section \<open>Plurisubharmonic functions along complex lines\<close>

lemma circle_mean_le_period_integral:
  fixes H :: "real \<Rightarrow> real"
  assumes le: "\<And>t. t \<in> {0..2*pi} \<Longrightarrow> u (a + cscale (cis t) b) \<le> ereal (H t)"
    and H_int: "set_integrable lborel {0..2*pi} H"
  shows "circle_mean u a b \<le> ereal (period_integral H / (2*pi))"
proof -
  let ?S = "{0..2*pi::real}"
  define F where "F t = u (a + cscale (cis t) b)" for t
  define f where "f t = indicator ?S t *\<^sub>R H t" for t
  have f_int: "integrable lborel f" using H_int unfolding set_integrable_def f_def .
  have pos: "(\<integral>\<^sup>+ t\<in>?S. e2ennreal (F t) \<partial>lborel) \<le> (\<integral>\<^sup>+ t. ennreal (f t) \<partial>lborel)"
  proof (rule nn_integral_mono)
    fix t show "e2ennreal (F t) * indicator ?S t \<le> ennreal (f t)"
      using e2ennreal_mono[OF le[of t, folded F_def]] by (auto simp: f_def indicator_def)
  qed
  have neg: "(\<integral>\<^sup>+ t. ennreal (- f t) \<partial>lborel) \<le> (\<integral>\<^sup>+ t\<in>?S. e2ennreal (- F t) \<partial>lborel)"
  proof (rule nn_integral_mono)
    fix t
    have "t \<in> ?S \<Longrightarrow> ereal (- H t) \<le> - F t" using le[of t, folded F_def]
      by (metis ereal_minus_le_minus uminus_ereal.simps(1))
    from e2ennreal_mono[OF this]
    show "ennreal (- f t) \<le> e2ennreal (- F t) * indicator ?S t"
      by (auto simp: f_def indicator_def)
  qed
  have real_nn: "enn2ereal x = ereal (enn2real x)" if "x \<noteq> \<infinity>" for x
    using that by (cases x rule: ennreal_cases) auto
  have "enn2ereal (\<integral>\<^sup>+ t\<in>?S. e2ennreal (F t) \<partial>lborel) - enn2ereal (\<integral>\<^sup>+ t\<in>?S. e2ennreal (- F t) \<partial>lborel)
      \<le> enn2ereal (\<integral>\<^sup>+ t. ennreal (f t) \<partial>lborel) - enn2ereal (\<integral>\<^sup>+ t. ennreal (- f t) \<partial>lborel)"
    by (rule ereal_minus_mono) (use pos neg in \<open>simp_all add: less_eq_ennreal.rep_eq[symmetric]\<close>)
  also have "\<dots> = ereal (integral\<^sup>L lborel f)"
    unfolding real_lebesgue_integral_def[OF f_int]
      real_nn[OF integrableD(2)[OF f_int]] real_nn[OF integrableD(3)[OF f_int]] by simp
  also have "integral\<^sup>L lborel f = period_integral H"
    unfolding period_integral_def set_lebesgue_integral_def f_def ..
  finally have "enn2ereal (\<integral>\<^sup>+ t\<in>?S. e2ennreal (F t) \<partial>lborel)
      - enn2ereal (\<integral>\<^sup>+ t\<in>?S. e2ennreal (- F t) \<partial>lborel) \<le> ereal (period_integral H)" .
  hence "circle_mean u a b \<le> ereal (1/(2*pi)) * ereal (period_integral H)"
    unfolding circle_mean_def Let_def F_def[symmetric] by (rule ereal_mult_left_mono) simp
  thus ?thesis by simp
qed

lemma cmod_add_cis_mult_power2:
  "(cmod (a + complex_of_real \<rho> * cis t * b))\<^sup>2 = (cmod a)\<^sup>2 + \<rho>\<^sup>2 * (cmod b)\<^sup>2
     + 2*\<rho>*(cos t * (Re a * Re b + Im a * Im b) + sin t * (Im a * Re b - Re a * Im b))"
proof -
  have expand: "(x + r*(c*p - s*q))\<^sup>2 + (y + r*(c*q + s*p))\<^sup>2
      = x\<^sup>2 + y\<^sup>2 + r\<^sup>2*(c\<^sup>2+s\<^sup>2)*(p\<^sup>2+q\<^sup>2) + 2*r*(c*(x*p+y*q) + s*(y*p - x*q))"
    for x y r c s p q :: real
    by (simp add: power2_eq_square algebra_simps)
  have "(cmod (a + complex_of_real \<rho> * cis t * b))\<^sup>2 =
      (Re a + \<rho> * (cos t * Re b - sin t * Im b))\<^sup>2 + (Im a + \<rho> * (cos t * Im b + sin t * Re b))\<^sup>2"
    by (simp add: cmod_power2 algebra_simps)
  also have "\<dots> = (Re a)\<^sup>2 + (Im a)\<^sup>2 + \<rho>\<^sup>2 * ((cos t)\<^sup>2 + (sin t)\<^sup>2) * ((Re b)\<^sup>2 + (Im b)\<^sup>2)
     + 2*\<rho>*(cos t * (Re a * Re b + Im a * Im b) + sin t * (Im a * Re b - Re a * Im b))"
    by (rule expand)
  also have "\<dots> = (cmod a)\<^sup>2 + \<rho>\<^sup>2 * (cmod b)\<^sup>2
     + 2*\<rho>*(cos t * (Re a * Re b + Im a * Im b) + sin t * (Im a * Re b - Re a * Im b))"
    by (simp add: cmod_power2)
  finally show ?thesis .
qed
::::
◆ **EXERCISE INSTRUCTIONS**
With the line holding "t = indicator" as the first and the line holding "set_integrable_def f_def ." as the last, set down that range of the entries above exactly, and nothing else.

◆ **FINAL ANSWER**
  define f where "f t = indicator ?S t *\<^sub>R H t" for t
  have f_int: "integrable lborel f" using H_int unfolding set_integrable_def f_def .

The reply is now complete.